Thursday, 09 February 2012

Toby Vanhegan, barrister, Arden Chambers

Dropping anchor

Two landmark cases have opened up eligibility for social housing for non-European migrants

On 23 February the European Court of Justice made two important rulings which affect the rights of non-European economic area nationals to live in the UK.

One of the judgements, London Borough of Harrow v Ibrahim and secretary of state for the home department, hit the headlines and incurred the wrath of critics by allowing a Somali woman to remain in her north London council house and to receive other state benefits, even if she was a burden on the state. A Harrow councillor warned that it ‘could well become a floodgate judgment’ (Inside Housing, 26 February).

The ECJ held that a non-EEA national has an unconditional right to reside in the UK if they are the parent and primary carer of a child in education here, so long as they are married to an EEA national who has worked in the UK.

On the same day, the ECJ ruled on Teixeira v London Borough of Lambeth and SSHD. In this case, the court held that an EEA national has an unconditional right to reside in the UK if they are the parent and primary carer of a child in education here, so long as they have worked in the UK. In both situations, the child also has a right to reside.

In both cases, it was held that an unconditional right to reside means that the parent does not have to be self-sufficient but can instead be a burden on the social assistance system of the host member state - in both these cases, the UK. There is no requirement for the parent to have comprehensive sickness insurance cover in the UK to benefit from the right of residence.

In the case of Teixeira, the court reached two other important conclusions. First, it was held that the right of residence was not conditional on one of the child’s parents having worked in the UK on the date on which the child started in education. Second, it was held that the right to reside ends when the child reaches the age of 18, unless the child continues to need the presence and care of that parent in order to be able to pursue and complete his or her education.

The implications

Both cases were references from the Court of Appeal and carry a number of important implications. First, because as a general rule a person is eligible for housing assistance under parts six and seven of the Housing Act 1996 and for most welfare benefits, if they have both a right to reside and are habitually resident in the UK, these two decisions add new categories of persons who are now eligible for housing and other welfare benefits.

Second, the legal basis for the right to reside was found in article 12 of regulation (EEC) number 1612/68 of the Council, which dates back to October 1968. Ms Ibrahim and Ms Teixeira both accepted that they had no right to reside under domestic law or by virtue of directive 2004/38/EC of the European Parliament and of the Council of 29 April 2004.

This means that those who make decisions on issues of eligibility will have to pay close attention to an increasing array of directives and case law issued by the ECJ. An already difficult task has now become even more complicated.

Finally, the cases raise the issue of whether a person in the position of Ms Ibrahim or Ms Teixeira might be entitled to a permanent right of residence in the UK, pursuant to article 16 of Directive 2004/38/EC, once they have exercised the right to reside for five years. Another part of the directive - recital (17) - suggests not, because the right of residence does not comply with the conditions laid down in the directive.

The conditions set out by the ECJ to have a right to reside as a parent and primary carer of a child in education are not hard to satisfy. The effect of these cases may be an increase in applicants eligible for housing and other forms of welfare benefits.

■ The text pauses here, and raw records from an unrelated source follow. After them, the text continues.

text \<open>If the homothety between two disks moves p along the line pq, comparing how the
  two disks meet that line in both directions shows that the homothety is the identity.\<close>
lemma homothety_offset_on_line_imp_eq:
  assumes "x \<in> bisector" "x' \<in> bisector" "cross2 (q - p) (homothety x x' p - p) = 0"
  shows "x = x'"
proof -
  let ?r = "\<gamma> (x - p)" and ?r' = "\<gamma> (x' - p)"
  have "?r > 0" "?r' > 0" using bisector_gamma_pos assms by auto
  obtain c where c: "homothety x x' p - p = c *\<^sub>R (q - p)" "0 \<le> c" "c + ?r' / ?r \<le> 1"
    using homothety_offset_on_line[OF assms] .
  have swap: "homothety x' x p - p = (- (?r / ?r') * c) *\<^sub>R (q - p)"
    using homothety_swap_offset[OF assms(1,2)] c(1) by simp
  then have "cross2 (q - p) (homothety x' x p - p) = 0" by (simp add: cross2_simps)
  then obtain c' where c': "homothety x' x p - p = c' *\<^sub>R (q - p)" "0 \<le> c'" "c' + ?r / ?r' \<le> 1"
    using homothety_offset_on_line[OF assms(2,1)] by blast
  have "c' *\<^sub>R (q - p) = (- (?r / ?r') * c) *\<^sub>R (q - p)" using c'(1) swap by simp
  then have "c' = - (?r / ?r') * c" using sites_distinct by (simp only: scaleR_cancel_right) simp
  then have "c = 0"
    using c(2) c'(2) \<open>?r > 0\<close> \<open>?r' > 0\<close> by (auto simp: divide_le_0_iff mult_le_0_iff)
  then have "?r' \<le> ?r" "?r \<le> ?r'" using c(3) c'(3) \<open>?r > 0\<close> \<open>?r' > 0\<close> \<open>c' = _\<close>
    by (simp_all add: divide_le_eq_1)
  then show ?thesis using c(1) \<open>c = 0\<close> \<open>?r > 0\<close> by (simp add: homothety_def)
qed

definition disk_le :: "real^2 \<Rightarrow> real^2 \<Rightarrow> bool" where
  "disk_le x x' \<longleftrightarrow>
     (\<forall>z\<in>disk x. 0 \<le> cross2 (q - p) (z - p) \<longrightarrow> z \<in> disk x') \<and>
     (\<forall>z\<in>disk x'. cross2 (q - p) (z - p) \<le> 0 \<longrightarrow> z \<in> disk x)"

lemma disk_le_refl: "disk_le x x"
  by (simp add: disk_le_def)

lemma disk_le_if_offset_pos:
  assumes "x \<in> bisector" "x' \<in> bisector" "cross2 (q - p) (homothety x x' p - p) > 0"
  shows "disk_le x x'"
proof -
  let ?r = "\<gamma> (x - p)" and ?r' = "\<gamma> (x' - p)"
  have "?r > 0" "?r' > 0" using bisector_gamma_pos assms by auto
  then have "cross2 (q - p) (homothety x' x p - p) < 0"
    using assms(3) homothety_swap_offset[OF assms(1,2)]
    by (simp add: cross2_simps mult_pos_pos)
  then show ?thesis
    unfolding disk_le_def
    using disk_far_side_subset[OF assms(2,1)] disk_far_side_subset[OF assms(1,2)] assms(3)
    by (auto simp: mult_nonpos_nonneg mult_nonneg_nonpos less_imp_le)
qed

lemma disk_le_total:
  assumes "x \<in> bisector" "x' \<in> bisector"
  shows "disk_le x x' \<or> disk_le x' x"
proof -
  let ?\<beta> = "cross2 (q - p) (homothety x x' p - p)"
  have "\<gamma> (x - p) > 0" "\<gamma> (x' - p) > 0" using bisector_gamma_pos assms by auto
  then have "cross2 (q - p) (homothety x' x p - p) = - (\<gamma> (x - p) / \<gamma> (x' - p)) * ?\<beta>"
    using homothety_swap_offset[OF assms] by (simp add: cross2_simps)
  then have "?\<beta> < 0 \<Longrightarrow> cross2 (q - p) (homothety x' x p - p) > 0"
    using \<open>\<gamma> (x - p) > 0\<close> \<open>\<gamma> (x' - p) > 0\<close> by (simp add: mult_pos_neg divide_neg_pos)
  then consider "?\<beta> > 0" | "cross2 (q - p) (homothety x' x p - p) > 0" | "?\<beta> = 0"
    by linarith
  then show ?thesis
    using disk_le_if_offset_pos assms homothety_offset_on_line_imp_eq disk_le_refl by cases blast+
qed

definition lowest :: "real^2" where
  "lowest = (SOME u. u \<in> Q \<and> (\<forall>v\<in>Q. cross2 (q - p) u \<le> cross2 (q - p) v))"

definition highest :: "real^2" where
  "highest = (SOME u. u \<in> Q \<and> (\<forall>v\<in>Q. cross2 (q - p) v \<le> cross2 (q - p) u))"

lemma lowest: "lowest \<in> Q" "v \<in> Q \<Longrightarrow> cross2 (q - p) lowest \<le> cross2 (q - p) v"
proof -
  have "Q \<noteq> {}" using mem_Q_iff[of 0] by auto
  then have "\<exists>u. u \<in> Q \<and> (\<forall>v\<in>Q. cross2 (q - p) u \<le> cross2 (q - p) v)"
    using continuous_attains_inf[OF compact_Q _ continuous_on_cross2] by blast
  then have "lowest \<in> Q \<and> (\<forall>v\<in>Q. cross2 (q - p) lowest \<le> cross2 (q - p) v)"
    unfolding lowest_def by (rule someI_ex)
  then show "lowest \<in> Q" "v \<in> Q \<Longrightarrow> cross2 (q - p) lowest \<le> cross2 (q - p) v" by auto
qed

lemma highest: "highest \<in> Q" "v \<in> Q \<Longrightarrow> cross2 (q - p) v \<le> cross2 (q - p) highest"
proof -
  have "Q \<noteq> {}" using mem_Q_iff[of 0] by auto
  then have "\<exists>u. u \<in> Q \<and> (\<forall>v\<in>Q. cross2 (q - p) v \<le> cross2 (q - p) u)"
    using continuous_attains_sup[OF compact_Q _ continuous_on_cross2] by blast
  then have "highest \<in> Q \<and> (\<forall>v\<in>Q. cross2 (q - p) v \<le> cross2 (q - p) highest)"
    unfolding highest_def by (rule someI_ex)
  then show "highest \<in> Q" "v \<in> Q \<Longrightarrow> cross2 (q - p) v \<le> cross2 (q - p) highest" by auto
qed

lemma lowest_lt_highest: "cross2 (q - p) lowest < cross2 (q - p) highest"
proof -
  let ?d = "q - p"
  define v :: "real^2" where "v = (\<chi> i. if i = 1 then - (?d$2) else ?d$1)"
  have "?d \<noteq> 0" using sites_distinct by simp
  then have "?d$1 \<noteq> 0 \<or> ?d$2 \<noteq> 0" by (simp only: vec2_eq_0_iff) simp
  moreover have "cross2 ?d v = (?d$1)\<^sup>2 + (?d$2)\<^sup>2"
    by (simp add: v_def cross2_def power2_eq_square algebra_simps)
  ultimately have "cross2 ?d v > 0" by (simp add: sum_power2_gt_zero_iff)
  then have "v \<noteq> 0" by (auto simp: cross2_def)
  define u where "u = (1 / \<gamma> v) *\<^sub>R v"
  have "u \<in> Q" using gamma_pos[OF \<open>v \<noteq> 0\<close>] by (simp add: u_def mem_Q_iff gamma_scaleR)
  moreover have "cross2 ?d u > 0"
    using gamma_pos[OF \<open>v \<noteq> 0\<close>] \<open>cross2 ?d v > 0\<close> by (simp add: u_def cross2_simps)
  moreover have "0 \<in> Q" by (simp add: mem_Q_iff)
  ultimately show ?thesis using lowest(2)[of 0] highest(2)[of u] by (simp add: cross2_def)
qed

text \<open>As disk x = x - \<gamma> (x - p) Q, these are the extreme values of cross2 (q - p)
  on disk x.\<close>
definition disk_top :: "real^2 \<Rightarrow> real" where
  "disk_top x = cross2 (q - p) x - \<gamma> (x - p) * cross2 (q - p) lowest"

definition disk_bottom :: "real^2 \<Rightarrow> real" where
  "disk_bottom x = cross2 (q - p) x - \<gamma> (x - p) * cross2 (q - p) highest"

lemma mem_disk_iff_scaled:
  assumes "x \<in> bisector"
  shows "z \<in> disk x \<longleftrightarrow> (\<exists>u\<in>Q. z = x - \<gamma> (x - p) *\<^sub>R u)"
proof -
  let ?r = "\<gamma> (x - p)"
  have "?r > 0" using bisector_gamma_pos[OF assms] .
  have "z = x - ?r *\<^sub>R u \<longleftrightarrow> u = (1 / ?r) *\<^sub>R (x - z)" for u
    using \<open>?r > 0\<close> by auto
  moreover have "(1 / ?r) *\<^sub>R (x - z) \<in> Q \<longleftrightarrow> z \<in> disk x"
    using \<open>?r > 0\<close> by (simp add: mem_Q_iff gamma_scaleR disk_def)
  ultimately show ?thesis by auto
qed

lemma disk_heights:
  assumes "x \<in> bisector" "z \<in> disk x"
  shows "disk_bottom x \<le> cross2 (q - p) z" "cross2 (q - p) z \<le> disk_top x"
proof -
  obtain u where "u \<in> Q" "z = x - \<gamma> (x - p) *\<^sub>R u" using mem_disk_iff_scaled assms by blast
  moreover have "\<gamma> (x - p) > 0" using bisector_gamma_pos[OF assms(1)] .
  ultimately show "disk_bottom x \<le> cross2 (q - p) z" "cross2 (q - p) z \<le> disk_top x"
    using lowest(2) highest(2)
    by (simp_all add: disk_top_def disk_bottom_def cross2_simps mult_left_mono)
qed

lemma disk_top_attained:
  assumes "x \<in> bisector"
  shows "\<exists>z\<in>disk x. cross2 (q - p) z = disk_top x"
proof
  show "x - \<gamma> (x - p) *\<^sub>R lowest \<in> disk x" using mem_disk_iff_scaled[OF assms] lowest(1) by blast
qed (simp add: disk_top_def cross2_simps)

lemma disk_bottom_attained:
  assumes "x \<in> bisector"
  shows "\<exists>z\<in>disk x. cross2 (q - p) z = disk_bottom x"
proof
  show "x - \<gamma> (x - p) *\<^sub>R highest \<in> disk x" using mem_disk_iff_scaled[OF assms] highest(1) by blast
qed (simp add: disk_bottom_def cross2_simps)

lemma disk_le_heights:
  assumes "x \<in> bisector" "x' \<in> bisector" "disk_le x x'"
  shows "disk_top x \<le> disk_top x'" "disk_bottom x \<le> disk_bottom x'"
proof -
  obtain z where z: "z \<in> disk x" "cross2 (q - p) z = disk_top x"
    using disk_top_attained[OF assms(1)] by blast
  have "cross2 (q - p) p \<le> disk_top x"
    using disk_heights(2)[OF assms(1) sites_mem_disk(1)[OF assms(1)]] .
  then have "z \<in> disk x'" using assms(3) z by (simp add: disk_le_def cross2_simps)
  then have "cross2 (q - p) z \<le> disk_top x'" by (rule disk_heights(2)[OF assms(2)])
  then show "disk_top x \<le> disk_top x'" using z(2) by simp
  obtain z' where z': "z' \<in> disk x'" "cross2 (q - p) z' = disk_bottom x'"
    using disk_bottom_attained[OF assms(2)] by blast
  have "disk_bottom x' \<le> cross2 (q - p) p"
    using disk_heights(1)[OF assms(2) sites_mem_disk(1)[OF assms(2)]] .
  then have "z' \<in> disk x" using assms(3) z' by (simp add: disk_le_def cross2_simps)
  then have "disk_bottom x \<le> cross2 (q - p) z'" by (rule disk_heights(1)[OF assms(1)])
  then show "disk_bottom x \<le> disk_bottom x'" using z'(2) by simp
qed

definition disk_level :: "real^2 \<Rightarrow> real" where
  "disk_level x = disk_top x + disk_bottom x"

lemma disk_le_level:
  "x \<in> bisector \<Longrightarrow> x' \<in> bisector \<Longrightarrow> disk_le x x' \<Longrightarrow> disk_level x \<le> disk_level x'"
  using disk_le_heights by (simp add: disk_level_def add_mono)

text \<open>Equal levels force equal heights, hence equal radii, so x' - x is parallel to pq;
  then \<gamma> (x - p) would be constant on three collinear points in direction pq.\<close>
lemma disk_le_level_eq:
  assumes "x \<in> bisector" "x' \<in> bisector" "disk_le x x'" "disk_level x = disk_level x'"
  shows "x = x'"
proof -
  let ?d = "q - p" and ?r = "\<gamma> (x - p)"
  have top: "disk_top x = disk_top x'" and bot: "disk_bottom x = disk_bottom x'"
    using disk_le_heights[OF assms(1-3)] assms(4) by (auto simp: disk_level_def)
  have width: "disk_top y - disk_bottom y = \<gamma> (y - p) * (cross2 ?d highest - cross2 ?d lowest)" for y
    by (simp add: disk_top_def disk_bottom_def algebra_simps)
  have "\<gamma> (x' - p) * (cross2 ?d highest - cross2 ?d lowest)
      = ?r * (cross2 ?d highest - cross2 ?d lowest)"
    using width[of x] width[of x'] top bot by simp
  then have r_eq: "\<gamma> (x' - p) = ?r" using lowest_lt_highest by simp
  then have "cross2 ?d (x' - x) = 0" using top by (simp add: disk_top_def cross2_simps)
  then obtain t where t: "x' - x = t *\<^sub>R ?d"
    using cross2_eq_0_imp_parallel sites_distinct by (metis eq_iff_diff_eq_0)
  define v where "v = x - p"
  have "?r > 0" using bisector_gamma_pos[OF assms(1)] .
  have "v - 0 *\<^sub>R ?d = x - p" "v - 1 *\<^sub>R ?d = x - q"
    "v - (- t) *\<^sub>R ?d = x' - p" "v - (1 - t) *\<^sub>R ?d = x' - q"
    using t by (simp_all add: v_def algebra_simps)
  then have at: "\<gamma> (v - 0 *\<^sub>R ?d) = ?r" "\<gamma> (v - 1 *\<^sub>R ?d) = ?r"
    "\<gamma> (v - (- t) *\<^sub>R ?d) = ?r" "\<gamma> (v - (1 - t) *\<^sub>R ?d) = ?r"
    using assms(1,2) r_eq by (simp_all only:) (simp_all add: bisector_def)
  have "\<not> t > 0" using gamma_lt_between[OF \<open>?r > 0\<close>, of "- t" 0 1 v] at by auto
  moreover have "\<not> t < 0" using gamma_lt_between[OF \<open>?r > 0\<close>, of 0 1 "1 - t" v] at by auto
  ultimately show ?thesis using t by simp
qed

This is likely to strain the resources of local authorities and the Department of Work and Pensions. This may cause a change in the law to exclude eligibility. Further developments are likely.

Toby Vanhegan appeared as counsel in the European Court of Justice in the Teixeira case
toby.vanhegan@ardenchambers.com

Readers' comments (1)

  • Until insane rulings like this are conspicuously disregarded by organizations, the fantastical nature of the EU will continue! Excuse me but as I understand it other countries have schools and houses, and people who come here have families from whence they came.

    So what makes these judges think that all of a sudden the child would have no education and the 'right to a family life' doesn't exist outside the UK. Get real, these bums are here for the freebies and been given them by doogooder who don't pay for it. We pay in terms of taxes, less for OUR children and a country overcrowded and concreted over.